My relationship with the people I come across on any given day is decided by their numbers. When they are individuals or small groups I feel responsible for them and try to protect them. When they are a mob, I feel responsible for my family and try to protect myself from them.
I am a policeman. Not one of your obese, maskeen police wallahs but a university graduate, police academy trained, one star assistant sub inspector. I like working from the office and with individuals and the local community; and crowd control is all I’ve been assigned in the past couple of years. Islamabad is not a big and crowded metro. Public gatherings here are few and far between, and tend to be of more manageable size and temperament than anywhere else in Pakistan. But the violent ones can get very messy. During and since Lal Masjid, the Islamabad Capital Territory Police has been attacked and overrun by seminary students, lawyers, goons of a local MNA, Namoos-e-Risalat mobs … and on a frequent basis, terrorist groups.
My mother and wife agree on only one thing, that I should not take my job too seriously to risk my life. That no medal is worth dying for and no insult is too hurtful if it saves your life. In my brief career, I have never been seriously under threat – as a law enforcer, as an individual citizen, as a Sunni Muslim, or as a Potohari – though, I have had colleagues and work buddies blown into bits that had to be gathered from the ground and plucked from trees and car shells. I have had colleagues kidnapped, tortured, and executed. I don’t really see them as heroes; quite the opposite. For the most part, they were unfortunate to be at the wrong place at the wrong time, and in some cases, for the wrong reason. They make up one statistic that I do not wish to become part of.
For an average-sized demonstration – one in which all the participants and their placards fit into the camera frame – I get to lead a team of six to 10 constables. The protesters are always well to do professionals – lawyers, doctors, journalists, but mostly the civil society which is what the NGO types call themselves. They all feel aggrieved, blame each other, the government and police, and sometimes resort to violence to protest against violence. I don’t judge anyone. I don’t support an ideology and I don’t oppose an ideology. I am not even interested enough to have an opinion of the issue that gets people out in the protest. My job is to ensure that the assembly stays out of trouble and ends peacefully, and that my team finishes its shift without hurting and getting hurt.

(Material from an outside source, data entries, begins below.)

(* Let $\mathcal{S}\subseteq\mathbb{R}^n$ be a $d$-dimensional simplex. For $k\ge0$ let $\mathcal{V}_k$ be the set of all vertices of all simplices in $\operatorname{subdiv}^k(\mathcal{S})$, and let $\mathcal{V}_\infty=\bigcup_{k\ge0}\mathcal{V}_k$. Then $\mathcal{V}_\infty$ is a dense subset of $\mathcal{S}$.
   Context: For a $d$-dimensional simplex $\mathcal{S}$ with vertices $v_1,\dots,v_{d+1}$, its barycenter is $b=\frac{1}{d+1}(v_1+\dots+v_{d+1})$, and $\operatorname{subdiv}(\mathcal{S})$ is the set of the $d+1$ simplices $\operatorname{conv}(v_1,\dots,v_{i-1},b,v_{i+1},\dots,v_{d+1})$, $i=1,\dots,d+1$. Recursively, $\operatorname{subdiv}^0(\mathcal{S})=\{\mathcal{S}\}$ and $\operatorname{subdiv}^k(\mathcal{S})=\bigcup_{\mathcal{T}\in\operatorname{subdiv}^{k-1}(\mathcal{S})}\operatorname{subdiv}(\mathcal{T})$. *)

theory Defs
  imports "HOL-Analysis.Analysis"
begin

text \<open>A simplex is represented by the list of its vertices v_1,...,v_(d+1).\<close>

definition barycenter :: "('a::real_vector) list \<Rightarrow> 'a" where
  "barycenter vs = (1 / real (length vs)) *\<^sub>R sum_list vs"

definition subdiv :: "('a::real_vector) list \<Rightarrow> 'a list set" where
  "subdiv vs = {vs[i := barycenter vs] | i. i < length vs}"

fun subdiv_iter :: "nat \<Rightarrow> ('a::real_vector) list \<Rightarrow> 'a list set" where
  "subdiv_iter 0 vs = {vs}"
| "subdiv_iter (Suc k) vs = (\<Union>T\<in>subdiv_iter k vs. subdiv T)"

definition subdiv_vertices :: "nat \<Rightarrow> ('a::real_vector) list \<Rightarrow> 'a set" where
  "subdiv_vertices k vs = (\<Union>T\<in>subdiv_iter k vs. set T)"

end

(* Follow a point x of the simplex down the subdivision tree, always replacing the vertex at
   which the barycentric coordinate of x is smallest: x stays in the new simplex, the chosen
   coordinate is multiplied by d + 1 and the minimum is subtracted from the others.
   If a coordinate ever drops below \<delta>, x is within \<delta> * diam of a facet of the current
   simplex, and by induction on the dimension the vertices of the subdivisions of that facet
   are limits of vertices of subdivisions of the whole simplex (subdividing repeatedly at the
   vertex opposite to the facet drives it to the barycentre of the facet).
   Otherwise every coordinate stays above \<delta>, so every vertex is replaced within any
   1/\<delta> consecutive steps, and each such window shrinks the spread of every coordinate of
   the vertices by the factor d / (d + 2); hence the simplices shrink to x. *)

theory Submission
  imports Defs
begin

lemma length_subdiv_iter: "U \<in> subdiv_iter k T \<Longrightarrow> length U = length T"
  by (induction k arbitrary: U) (auto simp: subdiv_def)

lemma subdiv_iter_add:
  "U \<in> subdiv_iter k T \<Longrightarrow> V \<in> subdiv_iter n U \<Longrightarrow> V \<in> subdiv_iter (k + n) T"
  by (induction n arbitrary: V) auto

lemma update_barycenter_in_subdiv_iter:
  "U \<in> subdiv_iter k T \<Longrightarrow> i < length U \<Longrightarrow> U[i := barycenter U] \<in> subdiv_iter (Suc k) T"
  by (auto simp: subdiv_def)

lemma subdiv_vertices_subdiv_iter:
  "U \<in> subdiv_iter k T \<Longrightarrow> subdiv_vertices n U \<subseteq> subdiv_vertices (k + n) T"
  unfolding subdiv_vertices_def using subdiv_iter_add by blast

lemma barycenter_in_convex_hull:
  assumes "U \<noteq> []"
  shows "barycenter U \<in> convex hull (set U)"
proof -
  have "barycenter U = (\<Sum>i<length U. (1 / real (length U)) *\<^sub>R U ! i)"
    by (simp add: barycenter_def sum_list_sum_nth atLeast0LessThan scaleR_sum_right)
  also have "\<dots> \<in> convex hull (set U)"
    by (rule convex_sum) (use assms in \<open>auto intro: hull_inc\<close>)
  finally show ?thesis .
qed

lemma convex_hull_subdiv_iter_subset:
  "U \<in> subdiv_iter k T \<Longrightarrow> convex hull (set U) \<subseteq> convex hull (set T)"
proof (induction k arbitrary: U)
  case (Suc k)
  then obtain V i where V: "V \<in> subdiv_iter k T" "i < length V" "U = V[i := barycenter V]"
    by (auto simp: subdiv_def)
  have "set U \<subseteq> insert (barycenter V) (set V)"
    using V(3) set_update_subset_insert by metis
  also have "\<dots> \<subseteq> convex hull (set V)"
    using V(2) barycenter_in_convex_hull[of V] hull_subset by fastforce
  finally have "convex hull (set U) \<subseteq> convex hull (set V)"
    by (simp add: hull_minimal)
  with Suc.IH[OF V(1)] show ?case by blast
qed simp

lemma subdiv_vertices_subset_convex_hull: "subdiv_vertices k T \<subseteq> convex hull (set T)"
  unfolding subdiv_vertices_def
  using convex_hull_subdiv_iter_subset hull_subset by (metis UN_least subset_trans)

lemma barycenter_mset_eq: "mset A = mset B \<Longrightarrow> barycenter A = barycenter B"
  unfolding barycenter_def by (metis mset_eq_length sum_mset_sum_list)

lemma subdiv_iter_mset_eq:
  assumes "mset A = mset B" "U \<in> subdiv_iter k A"
  shows "\<exists>U'\<in>subdiv_iter k B. mset U = mset U'"
  using assms(2)
proof (induction k arbitrary: U)
  case 0
  with assms(1) show ?case by auto
next
  case (Suc k)
  then obtain V i where V: "V \<in> subdiv_iter k A" "i < length V" "U = V[i := barycenter V]"
    by (auto simp: subdiv_def)
  obtain V' where V': "V' \<in> subdiv_iter k B" "mset V = mset V'"
    using Suc.IH[OF V(1)] by blast
  have "V ! i \<in> set V'"
    using V(2) mset_eq_setD[OF V'(2)] nth_mem by metis
  then obtain i' where i': "i' < length V'" "V' ! i' = V ! i"
    by (auto simp: in_set_conv_nth)
  have "mset U = mset (V'[i' := barycenter V'])"
    using V i' V'(2) barycenter_mset_eq[OF V'(2)] by (simp add: mset_update)
  with update_barycenter_in_subdiv_iter[OF V'(1) i'(1)] show ?case by blast
qed

lemma subdiv_vertices_mset_eq:
  assumes "mset A = mset B"
  shows "subdiv_vertices k A = subdiv_vertices k B"
proof -
  have "subdiv_vertices k A \<subseteq> subdiv_vertices k B" if "mset A = mset B" for A B :: "'a list"
    using subdiv_iter_mset_eq[OF that] mset_eq_setD unfolding subdiv_vertices_def by blast
  with assms show ?thesis by (metis subset_antisym)
qed

definition barycentric_coords :: "'a::real_vector list \<Rightarrow> (nat \<Rightarrow> real) \<Rightarrow> 'a \<Rightarrow> bool" where
  "barycentric_coords U l x \<longleftrightarrow> (\<forall>i<length U. 0 \<le> l i) \<and> sum l {..<length U} = 1
     \<and> x = (\<Sum>i<length U. l i *\<^sub>R U ! i)"

lemma barycentric_coords_Cons:
  assumes "barycentric_coords T l x" "0 \<le> u" "0 \<le> v" "u + v = 1"
  shows "barycentric_coords (a # T) (\<lambda>i. if i = 0 then u else v * l (i - 1)) (u *\<^sub>R a + v *\<^sub>R x)"
  using assms unfolding barycentric_coords_def
  by (simp add: sum.lessThan_Suc_shift scaleR_sum_right flip: sum_distrib_left del: sum.lessThan_Suc)

lemma convex_hull_set_iff_barycentric_coords:
  "x \<in> convex hull (set T) \<longleftrightarrow> (\<exists>l. barycentric_coords T l x)"
proof
  show "x \<in> convex hull (set T) \<Longrightarrow> \<exists>l. barycentric_coords T l x"
  proof (induction T arbitrary: x)
    case (Cons a T)
    show ?case
    proof (cases "T = []")
      case True
      with Cons.prems show ?thesis
        by (intro exI[of _ "\<lambda>i. 1"]) (auto simp: barycentric_coords_def)
    next
      case False
      then obtain u v y where "0 \<le> u" "0 \<le> v" "u + v = 1" "y \<in> convex hull (set T)"
        "x = u *\<^sub>R a + v *\<^sub>R y"
        using Cons.prems convex_hull_insert[of "set T" a] by auto
      with Cons.IH show ?thesis by (metis barycentric_coords_Cons)
    qed
  qed simp
  show "\<exists>l. barycentric_coords T l x \<Longrightarrow> x \<in> convex hull (set T)"
    unfolding barycentric_coords_def by (auto intro!: convex_sum[OF _ convex_convex_hull] simp: hull_inc)
qed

This assignment seemed fairly routine which is why I was caught unawares at the end of it. A couple of hundred people were gathered outside a Super Market last Sunday evening to protest against the killing of Hazaras in Quetta. They’d been there all through the previous afternoon and night. There were the usual faces – the so-called civil society (does that imply the rest of the society is uncivil?) that included a number of non-Muslims – but many were strangers to the city’s protest culture. They were Hazaras. I have never seen them becoming part of any demonstration. I could, however, understand why they’d come out – men, women and children – this time. Their dead were urging them to.

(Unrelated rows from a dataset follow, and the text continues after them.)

(* Let $(\mathcal{A},v)$ be a valued abelian group and $A_1,\dots,A_n$ subgroups of $\mathcal{A}$ such that each $(A_i,v)$ is spherically complete. If the sum $A_1+\dots+A_n$ is pseudo-direct, then $(A_1+\dots+A_n,v)$ is spherically complete and has the optimal approximation property in $\mathcal{A}$: for every $z\in\mathcal{A}$ there is $y_0\in A_1+\dots+A_n$ with $v(z-y_0)=\max\{v(z-y)\mid y\in A_1+\dots+A_n\}$.
   Context: A valued abelian group $(G,v)$ is an abelian group with a map $v$ onto $vG\cup\{\infty\}$ ($vG$ totally ordered, $\infty$ maximal) with $va=\infty$ iff $a=0$ and $v(a-b)\ge\min\{va,vb\}$; subgroups carry the restricted $v$. It is spherically complete if in the ultrametric space $u(a,b)=v(a-b)$ every nest (family totally ordered by inclusion) of balls has non-empty intersection, balls being unions of non-empty collections of closed balls $\{x:v(x-c)\ge\alpha\}$ with a common element. The sum $A_1+\dots+A_n$ is pseudo-direct if for every nonzero $a'\in A_1+\dots+A_n$ there are $a_i\in A_i$ with $v\sum_{i=1}^na_i=\min_iva_i$ and $v(a'-\sum_{i=1}^na_i)>va'$. *)

theory Defs
  imports Main
begin

definition valued_group :: "('a::ab_group_add \<Rightarrow> 'g::{linorder,order_top}) \<Rightarrow> bool" where
  "valued_group v \<longleftrightarrow> (\<forall>a. v a = top \<longleftrightarrow> a = 0) \<and> (\<forall>a b. min (v a) (v b) \<le> v (a - b))"

definition ab_subgroup :: "'a::ab_group_add set \<Rightarrow> bool" where
  "ab_subgroup A \<longleftrightarrow> 0 \<in> A \<and> (\<forall>a\<in>A. \<forall>b\<in>A. a - b \<in> A)"

text \<open>Closed ball in the ultrametric space (A, u), u(a,b) = v(a-b).\<close>
definition closed_ball_v :: "('a::ab_group_add \<Rightarrow> 'g::linorder) \<Rightarrow> 'a set \<Rightarrow> 'a \<Rightarrow> 'g \<Rightarrow> 'a set" where
  "closed_ball_v v A c \<alpha> = {x \<in> A. \<alpha> \<le> v (x - c)}"

text \<open>Balls: unions of non-empty collections of closed balls having a common element;
radii range over the value set of the space (A,u), which is v ` A.\<close>
definition is_ball_v :: "('a::ab_group_add \<Rightarrow> 'g::linorder) \<Rightarrow> 'a set \<Rightarrow> 'a set \<Rightarrow> bool" where
  "is_ball_v v A B \<longleftrightarrow> (\<exists>\<C>. \<C> \<noteq> {} \<and>
      \<C> \<subseteq> {closed_ball_v v A c \<alpha> | c \<alpha>. c \<in> A \<and> \<alpha> \<in> v ` A} \<and>
      (\<exists>x. \<forall>C\<in>\<C>. x \<in> C) \<and> B = \<Union>\<C>)"

definition spherically_complete :: "('a::ab_group_add \<Rightarrow> 'g::linorder) \<Rightarrow> 'a set \<Rightarrow> bool" where
  "spherically_complete v A \<longleftrightarrow>
     (\<forall>\<N>. \<N> \<noteq> {} \<and> (\<forall>B\<in>\<N>. is_ball_v v A B) \<and> (\<forall>B1\<in>\<N>. \<forall>B2\<in>\<N>. B1 \<subseteq> B2 \<or> B2 \<subseteq> B1)
          \<longrightarrow> \<Inter>\<N> \<noteq> {})"

definition sum_sets :: "(nat \<Rightarrow> 'a::ab_group_add set) \<Rightarrow> nat \<Rightarrow> 'a set" where
  "sum_sets A n = {(\<Sum>i<n. a i) | a. \<forall>i<n. a i \<in> A i}"

definition pseudo_direct :: "('a::ab_group_add \<Rightarrow> 'g::linorder) \<Rightarrow> (nat \<Rightarrow> 'a set) \<Rightarrow> nat \<Rightarrow> bool" where
  "pseudo_direct v A n \<longleftrightarrow>
     (\<forall>a'\<in>sum_sets A n. a' \<noteq> 0 \<longrightarrow>
        (\<exists>a. (\<forall>i<n. a i \<in> A i) \<and> v (\<Sum>i<n. a i) = (MIN i\<in>{..<n}. v (a i))
              \<and> v (a' - (\<Sum>i<n. a i)) > v a'))"

end

theory Submission
  imports Defs
begin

Hazaras are being killed like birds in a cage. They cannot run, they cannot hide, they cannot defend themselves. I saw a poster of one of the victims of the Quetta tragedy and remembered this young man Irfan Khudi as a regular participant of civil society demonstrations. I looked at a Hazara child and wondered if he will live to be a man and die a natural death in old age. Or will he become another talkative dead body like the 86 who were speaking non-stop for the past three days, from their coffins placed on Alamdar Road in Quetta? Why are they talking and why won’t they let their families bury them? Why was I thinking? I am only required to watch, anticipate, and act, I reminded myself.

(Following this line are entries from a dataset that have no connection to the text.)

(* Let $G=(V,E)$ be a graph with a string representation $\varphi$, let $D\subseteq V$, suppose the robber is confined to $D$, and let $\pi$ be a shortest curve relative to $D$ in $\varphi$. Then five cops can prevent the robber from entering any vertex whose string intersects $\pi$, after a finite number of initial moves.
   Context: A string representation of $G$ assigns to each vertex $v$ a bounded curve $\varphi(v)\subseteq\mathbb{R}^2$ (continuous image of $[0,1]$) so that distinct $u,v$ are adjacent iff $\varphi(u)\cap\varphi(v)\ne\emptyset$. A path $P$ in $G$ is a shortest path relative to $D$ if it is a shortest path (between its endpoints) in $G[P\cup D]$. If $P$ is a shortest path relative to $D$ from $u$ to $v$, and $A\in\varphi(u)$, $B\in\varphi(v)$ are points, a curve $\pi\subseteq\bigcup_{p\in P}\varphi(p)$ from $A$ to $B$ such that for every $p\in P$ the set $\pi\cap\varphi(p)$ is connected, and these intersections appear along $\pi$ in the same order as the vertices of $P$, is a shortest curve of $P$ relative to $D$; a shortest curve relative to $D$ is a shortest curve of some shortest path relative to $D$. Game of cops and robber: cops are placed, then the robber; players alternate starting with cops; each piece stays or moves to an adjacent vertex; capture happens when a cop occupies the robber's vertex. The robber is confined to $D$ if the cops' strategy ensures he is immediately captured upon moving to any vertex outside $D$. *)

theory Defs
  imports "HOL-Analysis.Analysis"
begin

definition is_curve :: "(real^2) set \<Rightarrow> bool" where
  "is_curve S \<longleftrightarrow> (\<exists>g. path g \<and> path_image g = S)"

definition string_rep :: "'v set \<Rightarrow> ('v \<Rightarrow> 'v \<Rightarrow> bool) \<Rightarrow> ('v \<Rightarrow> (real^2) set) \<Rightarrow> bool" where
  "string_rep V E \<phi> \<longleftrightarrow> (\<forall>v\<in>V. is_curve (\<phi> v)) \<and>
     (\<forall>u v. E u v \<longleftrightarrow> (u \<in> V \<and> v \<in> V \<and> u \<noteq> v \<and> \<phi> u \<inter> \<phi> v \<noteq> {}))"

definition walk_in :: "('v \<Rightarrow> 'v \<Rightarrow> bool) \<Rightarrow> 'v set \<Rightarrow> 'v list \<Rightarrow> bool" where
  "walk_in E W ps \<longleftrightarrow> ps \<noteq> [] \<and> set ps \<subseteq> W \<and>
     (\<forall>i. Suc i < length ps \<longrightarrow> E (ps ! i) (ps ! Suc i))"

definition shortest_path_rel :: "'v set \<Rightarrow> ('v \<Rightarrow> 'v \<Rightarrow> bool) \<Rightarrow> 'v set \<Rightarrow> 'v list \<Rightarrow> bool" where
  "shortest_path_rel V E D P \<longleftrightarrow> walk_in E V P \<and> distinct P \<and>
     (\<forall>Q. walk_in E (set P \<union> D) Q \<and> hd Q = hd P \<and> last Q = last P \<longrightarrow> length P \<le> length Q)"

text \<open>pi is a shortest curve of P (from A to B): pi is a curve from A to B (parametrised by g)
  contained in the union of the strings of P, each pi \<inter> phi(p) is connected, and the
  intersections appear along pi in the order of P (their first and last appearance along
  the parametrisation are ordered as the vertices of P).\<close>
definition shortest_curve_of :: "('v \<Rightarrow> (real^2) set) \<Rightarrow> 'v list \<Rightarrow> real^2 \<Rightarrow> real^2 \<Rightarrow> (real^2) set \<Rightarrow> bool" where
  "shortest_curve_of \<phi> P A B \<pi> \<longleftrightarrow>
     A \<in> \<phi> (hd P) \<and> B \<in> \<phi> (last P) \<and> \<pi> \<subseteq> (\<Union>p\<in>set P. \<phi> p) \<and>
     (\<forall>p\<in>set P. connected (\<pi> \<inter> \<phi> p)) \<and>
     (\<exists>g. path g \<and> path_image g = \<pi> \<and> pathstart g = A \<and> pathfinish g = B \<and>
        (\<forall>i<length P. {t\<in>{0..1}. g t \<in> \<phi> (P ! i)} \<noteq> {}) \<and>
        (\<forall>i j. i < j \<and> j < length P \<longrightarrow>
            Inf {t\<in>{0..1}. g t \<in> \<phi> (P ! i)} \<le> Inf {t\<in>{0..1}. g t \<in> \<phi> (P ! j)} \<and>
            Sup {t\<in>{0..1}. g t \<in> \<phi> (P ! i)} \<le> Sup {t\<in>{0..1}. g t \<in> \<phi> (P ! j)}))"

definition shortest_curve_rel :: "'v set \<Rightarrow> ('v \<Rightarrow> 'v \<Rightarrow> bool) \<Rightarrow> ('v \<Rightarrow> (real^2) set) \<Rightarrow> 'v set \<Rightarrow> (real^2) set \<Rightarrow> bool" where
  "shortest_curve_rel V E \<phi> D \<pi> \<longleftrightarrow>
     (\<exists>P A B. shortest_path_rel V E D P \<and> shortest_curve_of \<phi> P A B \<pi>)"

text \<open>A robber play is a sequence r 0, r 1, ... (r 0 is the placement,
  r (i+1) the position after his i-th move).  A strategy for k cops maps the robber history
  to the positions of cops 0..k-1; cop_pos s r i is the cop position after i cop moves
  (i = 0: placement), which depends on r 0 .. r (i-1).  Order: cops placed, robber placed,
  then cops move, robber moves, ...\<close>
definition robber_walk :: "'v set \<Rightarrow> ('v \<Rightarrow> 'v \<Rightarrow> bool) \<Rightarrow> (nat \<Rightarrow> 'v) \<Rightarrow> bool" where
  "robber_walk V E r \<longleftrightarrow> (\<forall>i. r i \<in> V) \<and> (\<forall>i. r (Suc i) = r i \<or> E (r i) (r (Suc i)))"

definition cop_pos :: "('v list \<Rightarrow> nat \<Rightarrow> 'v) \<Rightarrow> (nat \<Rightarrow> 'v) \<Rightarrow> nat \<Rightarrow> nat \<Rightarrow> 'v" where
  "cop_pos s r i = s (map r [0..<i])"

definition legal_cop_strategy :: "'v set \<Rightarrow> ('v \<Rightarrow> 'v \<Rightarrow> bool) \<Rightarrow> nat \<Rightarrow> ('v list \<Rightarrow> nat \<Rightarrow> 'v) \<Rightarrow> bool" where
  "legal_cop_strategy V E k s \<longleftrightarrow> (\<forall>j<k. s [] j \<in> V) \<and>
     (\<forall>r. robber_walk V E r \<longrightarrow> (\<forall>i. \<forall>j<k.
        cop_pos s r (Suc i) j = cop_pos s r i j \<or> E (cop_pos s r i j) (cop_pos s r (Suc i) j)))"

text \<open>The robber, standing on r i (just placed / just moved there), is captured at that
  moment: either he stands on a cop, or a cop moves onto him in the cops' next move.\<close>
definition captured_at :: "nat \<Rightarrow> ('v list \<Rightarrow> nat \<Rightarrow> 'v) \<Rightarrow> (nat \<Rightarrow> 'v) \<Rightarrow> nat \<Rightarrow> bool" where
  "captured_at k s r i \<longleftrightarrow> (\<exists>j<k. cop_pos s r i j = r i \<or> cop_pos s r (Suc i) j = r i)"

definition confines :: "'v set \<Rightarrow> ('v \<Rightarrow> 'v \<Rightarrow> bool) \<Rightarrow> 'v set \<Rightarrow> nat \<Rightarrow> ('v list \<Rightarrow> nat \<Rightarrow> 'v) \<Rightarrow> bool" where
  "confines V E D k s \<longleftrightarrow> (\<forall>r. robber_walk V E r \<and> r 0 \<in> D \<longrightarrow>
     (\<forall>i. r i \<notin> D \<longrightarrow> captured_at k s r i))"

end

(*
  Let \<pi> be a shortest curve of P, a shortest path relative to D. Every string meeting \<pi> belongs
  to a vertex equal or adjacent to some P ! j. The cops follow the robber's shadow on P: his
  distance from hd P in G[P \<union> D], capped at length P - 1. Since P is shortest in G[P \<union> D], the
  shadow of P ! j is j, and as the shadow is 1-Lipschitz, every vertex equal or adjacent to P ! j
  has shadow within 1 of j. While confined to D the robber moves his shadow by at most one per
  round, so a target index T that advances by at most one per round catches up with it within
  length P rounds and from then on equals his previous shadow. Five cops posted on
  P ! (T - 2), ..., P ! (T + 2) then always include one on P ! j when he enters a vertex near
  P ! j, and that cop captures him.
*)
theory Submission
  imports Defs
begin

lemma walk_in_singleton [simp]: "walk_in E W [x] \<longleftrightarrow> x \<in> W"
  by (auto simp: walk_in_def)

lemma walk_in_append:
  assumes xs: "walk_in E W xs" and ys: "walk_in E W ys" and join: "E (last xs) (hd ys)"
  shows "walk_in E W (xs @ ys)"
  unfolding walk_in_def
proof (intro conjI allI impI)
  fix i assume i: "Suc i < length (xs @ ys)"
  have "xs \<noteq> []" "ys \<noteq> []" using xs ys by (auto simp: walk_in_def)
  consider "Suc i < length xs" | "Suc i = length xs" | "length xs \<le> i" by linarith
  then show "E ((xs @ ys) ! i) ((xs @ ys) ! Suc i)"
  proof cases
    case 1
    then show ?thesis using xs by (simp add: walk_in_def nth_append)
  next
    case 2
    then have "i = length xs - 1" by simp
    then show ?thesis using join \<open>xs \<noteq> []\<close> \<open>ys \<noteq> []\<close>
      by (simp add: nth_append last_conv_nth hd_conv_nth)
  next
    case 3
    then have "Suc (i - length xs) < length ys" using i by simp
    then show ?thesis using 3 ys by (simp add: walk_in_def nth_append Suc_diff_le)
  qed
qed (use xs ys in \<open>auto simp: walk_in_def\<close>)

lemma walk_in_snoc: "walk_in E W xs \<Longrightarrow> v \<in> W \<Longrightarrow> E (last xs) v \<Longrightarrow> walk_in E W (xs @ [v])"
  by (rule walk_in_append) auto

lemma walk_in_take: "walk_in E W ps \<Longrightarrow> walk_in E W (take (Suc j) ps)"
  by (auto simp: walk_in_def dest: in_set_takeD)

lemma walk_in_drop: "walk_in E W ps \<Longrightarrow> j < length ps \<Longrightarrow> walk_in E W (drop j ps)"
  by (auto simp: walk_in_def dest: in_set_dropD)

lemma walk_in_nth_adjacent:
  assumes "walk_in E W ps" and sym: "\<And>a b. E a b \<Longrightarrow> E b a"
    and "a < length ps" "b < length ps" "a \<le> Suc b" "b \<le> Suc a"
  shows "ps ! a = ps ! b \<or> E (ps ! a) (ps ! b)"
proof -
  have "a = b \<or> b = Suc a \<or> a = Suc b" using assms(5,6) by linarith
  then show ?thesis using assms unfolding walk_in_def by blast
qed

text \<open>Distance from hd P to v in G[H], capped at length P - 1, which is also the value for
  unreachable v.\<close>
definition path_shadow :: "('v \<Rightarrow> 'v \<Rightarrow> bool) \<Rightarrow> 'v set \<Rightarrow> 'v list \<Rightarrow> 'v \<Rightarrow> nat" where
  "path_shadow E H P v = (LEAST n. n = length P - 1 \<or>
     (\<exists>Q. walk_in E H Q \<and> hd Q = hd P \<and> last Q = v \<and> length Q = Suc n))"

lemma path_shadow_le_length: "path_shadow E H P v \<le> length P - 1"
  unfolding path_shadow_def by (rule Least_le) simp

lemma path_shadow_lt_walk:
  assumes "walk_in E H Q" "hd Q = hd P" "last Q = v"
  shows "path_shadow E H P v < length Q"
proof -
  have "length Q = Suc (length Q - 1)" using assms(1) by (cases Q) (auto simp: walk_in_def)
  then have "path_shadow E H P v \<le> length Q - 1"
    unfolding path_shadow_def using assms by (intro Least_le) metis
  then show ?thesis using \<open>length Q = Suc (length Q - 1)\<close> by linarith
qed

lemma path_shadow_attained:
  "path_shadow E H P v = length P - 1 \<or>
   (\<exists>Q. walk_in E H Q \<and> hd Q = hd P \<and> last Q = v \<and> length Q = Suc (path_shadow E H P v))"
  unfolding path_shadow_def by (rule LeastI[of _ "length P - 1"]) simp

But there was nothing to do. Except for a brief encounter with students from a nearby madrassah yesterday, who took offence at anti Lashker-e-Jhangvi slogans, the marathon event had been largely uneventful and sober. Protesters were sitting on neatly laid rows of darris, listening to speeches from anyone who wished to say something. Occasionally, a speaker from Quetta or an overseas gathering would be heard through phone line. Apparently, similar protests were being held everywhere Pakistanis live. There weren’t many Hazaras among the speakers though. They sat motionless, or served the protesters food and tea with a hospitable smile, and spoke shyly and politely; too politely for a people being hounded relentlessly and murdered systematically. It must be the reticence and compulsive politeness of the whole community that was infuriating the dead. Their decomposing bodies were yelling for the living Hazaras to speak up for their right to live. The effort pushed the remaining blood in their bodies to spill out of their pores, and the family mourners had to change their white cotton shrouds every few hours.